== Exercise aim ==
Scan the material and copy out each line where the word "assumes" occurs.

== Recorded information ==
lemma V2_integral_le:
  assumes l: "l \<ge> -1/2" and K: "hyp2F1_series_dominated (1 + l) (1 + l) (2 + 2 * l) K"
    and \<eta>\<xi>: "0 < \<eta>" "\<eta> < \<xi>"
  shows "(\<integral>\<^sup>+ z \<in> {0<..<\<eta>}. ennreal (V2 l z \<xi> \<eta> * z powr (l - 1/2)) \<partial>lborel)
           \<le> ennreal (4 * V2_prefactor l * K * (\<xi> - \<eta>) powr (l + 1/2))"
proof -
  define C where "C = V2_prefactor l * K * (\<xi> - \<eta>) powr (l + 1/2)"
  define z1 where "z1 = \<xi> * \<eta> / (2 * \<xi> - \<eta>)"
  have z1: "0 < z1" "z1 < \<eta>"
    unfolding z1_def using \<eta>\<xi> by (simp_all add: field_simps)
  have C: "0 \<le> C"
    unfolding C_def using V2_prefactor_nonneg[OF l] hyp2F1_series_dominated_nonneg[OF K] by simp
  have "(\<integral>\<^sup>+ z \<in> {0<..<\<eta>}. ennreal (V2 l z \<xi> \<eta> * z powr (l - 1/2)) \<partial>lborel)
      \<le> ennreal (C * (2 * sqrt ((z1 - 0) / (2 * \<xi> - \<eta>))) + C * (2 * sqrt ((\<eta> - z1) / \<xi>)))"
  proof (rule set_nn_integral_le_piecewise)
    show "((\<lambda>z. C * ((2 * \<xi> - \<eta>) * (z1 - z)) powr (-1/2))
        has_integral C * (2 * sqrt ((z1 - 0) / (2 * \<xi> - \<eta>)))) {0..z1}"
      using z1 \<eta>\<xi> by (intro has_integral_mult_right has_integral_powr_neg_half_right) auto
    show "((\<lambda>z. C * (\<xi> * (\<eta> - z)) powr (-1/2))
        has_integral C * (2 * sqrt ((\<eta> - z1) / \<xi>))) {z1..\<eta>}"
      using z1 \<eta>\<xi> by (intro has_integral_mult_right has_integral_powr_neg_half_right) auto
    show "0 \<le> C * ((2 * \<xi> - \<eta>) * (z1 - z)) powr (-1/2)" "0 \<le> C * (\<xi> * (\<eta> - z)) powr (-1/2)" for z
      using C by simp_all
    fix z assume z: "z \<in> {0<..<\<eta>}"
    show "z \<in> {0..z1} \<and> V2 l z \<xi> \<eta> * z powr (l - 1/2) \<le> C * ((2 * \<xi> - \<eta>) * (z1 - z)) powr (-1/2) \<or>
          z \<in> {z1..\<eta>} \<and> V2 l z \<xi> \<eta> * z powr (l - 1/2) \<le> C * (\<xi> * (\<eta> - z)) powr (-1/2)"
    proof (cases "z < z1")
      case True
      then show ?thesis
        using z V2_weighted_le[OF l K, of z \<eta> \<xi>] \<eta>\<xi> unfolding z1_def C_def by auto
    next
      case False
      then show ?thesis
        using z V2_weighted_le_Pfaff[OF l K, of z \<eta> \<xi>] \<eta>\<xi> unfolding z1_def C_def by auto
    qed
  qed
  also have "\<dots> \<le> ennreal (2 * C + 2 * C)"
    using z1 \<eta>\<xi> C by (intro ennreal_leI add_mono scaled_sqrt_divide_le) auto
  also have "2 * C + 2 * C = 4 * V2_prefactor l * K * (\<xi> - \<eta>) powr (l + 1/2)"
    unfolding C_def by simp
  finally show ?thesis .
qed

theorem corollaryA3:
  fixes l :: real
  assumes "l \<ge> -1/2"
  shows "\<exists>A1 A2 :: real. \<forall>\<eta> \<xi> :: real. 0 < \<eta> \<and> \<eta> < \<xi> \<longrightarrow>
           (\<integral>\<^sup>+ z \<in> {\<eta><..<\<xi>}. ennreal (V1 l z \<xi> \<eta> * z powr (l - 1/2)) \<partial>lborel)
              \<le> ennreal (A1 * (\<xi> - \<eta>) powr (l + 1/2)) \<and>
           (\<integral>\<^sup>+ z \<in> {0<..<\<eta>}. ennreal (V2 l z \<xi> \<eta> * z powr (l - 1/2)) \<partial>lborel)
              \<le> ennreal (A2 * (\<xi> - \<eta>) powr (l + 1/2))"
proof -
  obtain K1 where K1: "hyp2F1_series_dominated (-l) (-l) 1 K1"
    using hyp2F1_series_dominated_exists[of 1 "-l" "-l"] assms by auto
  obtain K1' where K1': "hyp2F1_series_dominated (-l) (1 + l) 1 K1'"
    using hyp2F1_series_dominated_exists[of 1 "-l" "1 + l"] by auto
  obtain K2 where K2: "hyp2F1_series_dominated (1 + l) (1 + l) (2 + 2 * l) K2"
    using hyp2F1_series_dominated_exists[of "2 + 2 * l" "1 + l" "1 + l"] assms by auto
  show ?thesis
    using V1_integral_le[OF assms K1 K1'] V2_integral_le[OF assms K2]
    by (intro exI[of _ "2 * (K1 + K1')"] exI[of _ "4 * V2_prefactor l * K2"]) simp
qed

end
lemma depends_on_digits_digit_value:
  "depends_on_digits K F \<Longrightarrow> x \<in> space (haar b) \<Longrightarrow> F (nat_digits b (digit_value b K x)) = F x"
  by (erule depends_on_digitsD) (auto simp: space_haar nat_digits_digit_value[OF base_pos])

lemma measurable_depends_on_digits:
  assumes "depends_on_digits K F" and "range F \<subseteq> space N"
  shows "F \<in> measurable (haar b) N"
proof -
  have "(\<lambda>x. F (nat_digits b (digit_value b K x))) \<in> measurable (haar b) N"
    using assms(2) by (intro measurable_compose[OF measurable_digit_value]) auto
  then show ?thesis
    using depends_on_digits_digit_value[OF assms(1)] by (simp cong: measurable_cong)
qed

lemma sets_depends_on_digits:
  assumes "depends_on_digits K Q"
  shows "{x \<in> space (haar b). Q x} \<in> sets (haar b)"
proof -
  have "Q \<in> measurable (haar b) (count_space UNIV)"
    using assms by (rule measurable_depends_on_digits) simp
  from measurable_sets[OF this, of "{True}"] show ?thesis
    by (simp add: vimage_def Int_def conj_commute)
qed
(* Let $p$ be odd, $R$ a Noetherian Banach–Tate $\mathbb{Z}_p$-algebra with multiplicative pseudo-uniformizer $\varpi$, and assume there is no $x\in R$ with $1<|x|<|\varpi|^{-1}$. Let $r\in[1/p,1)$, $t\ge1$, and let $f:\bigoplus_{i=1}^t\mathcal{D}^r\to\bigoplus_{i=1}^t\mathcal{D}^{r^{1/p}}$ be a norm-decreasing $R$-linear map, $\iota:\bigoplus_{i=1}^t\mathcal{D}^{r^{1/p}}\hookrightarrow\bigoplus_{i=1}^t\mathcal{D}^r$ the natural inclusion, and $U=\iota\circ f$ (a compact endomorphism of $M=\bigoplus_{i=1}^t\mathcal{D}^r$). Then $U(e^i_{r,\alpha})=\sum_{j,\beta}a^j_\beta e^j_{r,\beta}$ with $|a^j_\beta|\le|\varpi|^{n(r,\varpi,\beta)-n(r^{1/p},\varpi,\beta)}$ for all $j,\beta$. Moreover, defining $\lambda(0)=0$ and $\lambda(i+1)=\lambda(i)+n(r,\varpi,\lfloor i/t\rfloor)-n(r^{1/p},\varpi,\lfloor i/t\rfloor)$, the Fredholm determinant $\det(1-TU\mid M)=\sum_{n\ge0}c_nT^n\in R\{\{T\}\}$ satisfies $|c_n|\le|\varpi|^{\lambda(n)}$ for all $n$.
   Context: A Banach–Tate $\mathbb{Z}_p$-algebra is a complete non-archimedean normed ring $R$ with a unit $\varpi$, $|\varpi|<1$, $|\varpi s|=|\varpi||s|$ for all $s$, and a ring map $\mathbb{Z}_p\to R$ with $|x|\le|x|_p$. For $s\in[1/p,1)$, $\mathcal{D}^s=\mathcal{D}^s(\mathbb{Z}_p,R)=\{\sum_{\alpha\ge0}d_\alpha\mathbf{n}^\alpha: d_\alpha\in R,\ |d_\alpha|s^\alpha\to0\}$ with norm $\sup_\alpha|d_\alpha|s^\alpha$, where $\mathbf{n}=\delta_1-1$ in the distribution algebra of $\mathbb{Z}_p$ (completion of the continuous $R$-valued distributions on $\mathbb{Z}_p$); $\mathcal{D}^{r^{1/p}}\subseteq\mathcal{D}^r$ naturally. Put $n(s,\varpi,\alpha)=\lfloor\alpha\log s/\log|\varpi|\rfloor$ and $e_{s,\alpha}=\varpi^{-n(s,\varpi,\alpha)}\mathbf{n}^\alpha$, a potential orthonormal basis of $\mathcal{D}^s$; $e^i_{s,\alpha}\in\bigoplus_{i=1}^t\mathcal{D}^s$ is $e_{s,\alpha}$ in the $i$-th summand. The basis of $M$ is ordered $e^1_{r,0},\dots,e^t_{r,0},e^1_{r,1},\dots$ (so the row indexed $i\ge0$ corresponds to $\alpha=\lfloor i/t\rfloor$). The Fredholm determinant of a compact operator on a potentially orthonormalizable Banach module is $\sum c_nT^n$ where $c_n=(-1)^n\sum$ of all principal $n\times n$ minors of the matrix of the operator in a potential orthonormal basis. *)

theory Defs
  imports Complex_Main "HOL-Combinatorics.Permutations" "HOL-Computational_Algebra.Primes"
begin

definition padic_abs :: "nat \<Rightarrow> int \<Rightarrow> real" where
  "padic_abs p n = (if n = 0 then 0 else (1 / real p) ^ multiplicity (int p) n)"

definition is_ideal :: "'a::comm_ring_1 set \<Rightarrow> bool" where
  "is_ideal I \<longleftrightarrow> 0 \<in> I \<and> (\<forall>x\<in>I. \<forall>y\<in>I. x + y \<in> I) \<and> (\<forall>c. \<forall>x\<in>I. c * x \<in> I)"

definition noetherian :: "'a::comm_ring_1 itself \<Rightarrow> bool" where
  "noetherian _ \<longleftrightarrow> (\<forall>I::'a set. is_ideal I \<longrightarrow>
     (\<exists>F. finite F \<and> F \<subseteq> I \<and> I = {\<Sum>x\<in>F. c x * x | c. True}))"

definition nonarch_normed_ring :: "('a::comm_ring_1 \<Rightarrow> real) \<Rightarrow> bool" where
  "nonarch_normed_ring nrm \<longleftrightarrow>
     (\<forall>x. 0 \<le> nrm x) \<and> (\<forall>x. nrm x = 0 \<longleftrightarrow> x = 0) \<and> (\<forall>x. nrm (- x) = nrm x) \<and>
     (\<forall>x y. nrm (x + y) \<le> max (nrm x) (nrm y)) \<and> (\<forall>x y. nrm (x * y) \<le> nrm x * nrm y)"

== Response ==
  assumes l: "l \<ge> -1/2" and K: "hyp2F1_series_dominated (1 + l) (1 + l) (2 + 2 * l) K"
  assumes "l \<ge> -1/2"
  assumes "depends_on_digits K F" and "range F \<subseteq> space N"
  assumes "depends_on_digits K Q"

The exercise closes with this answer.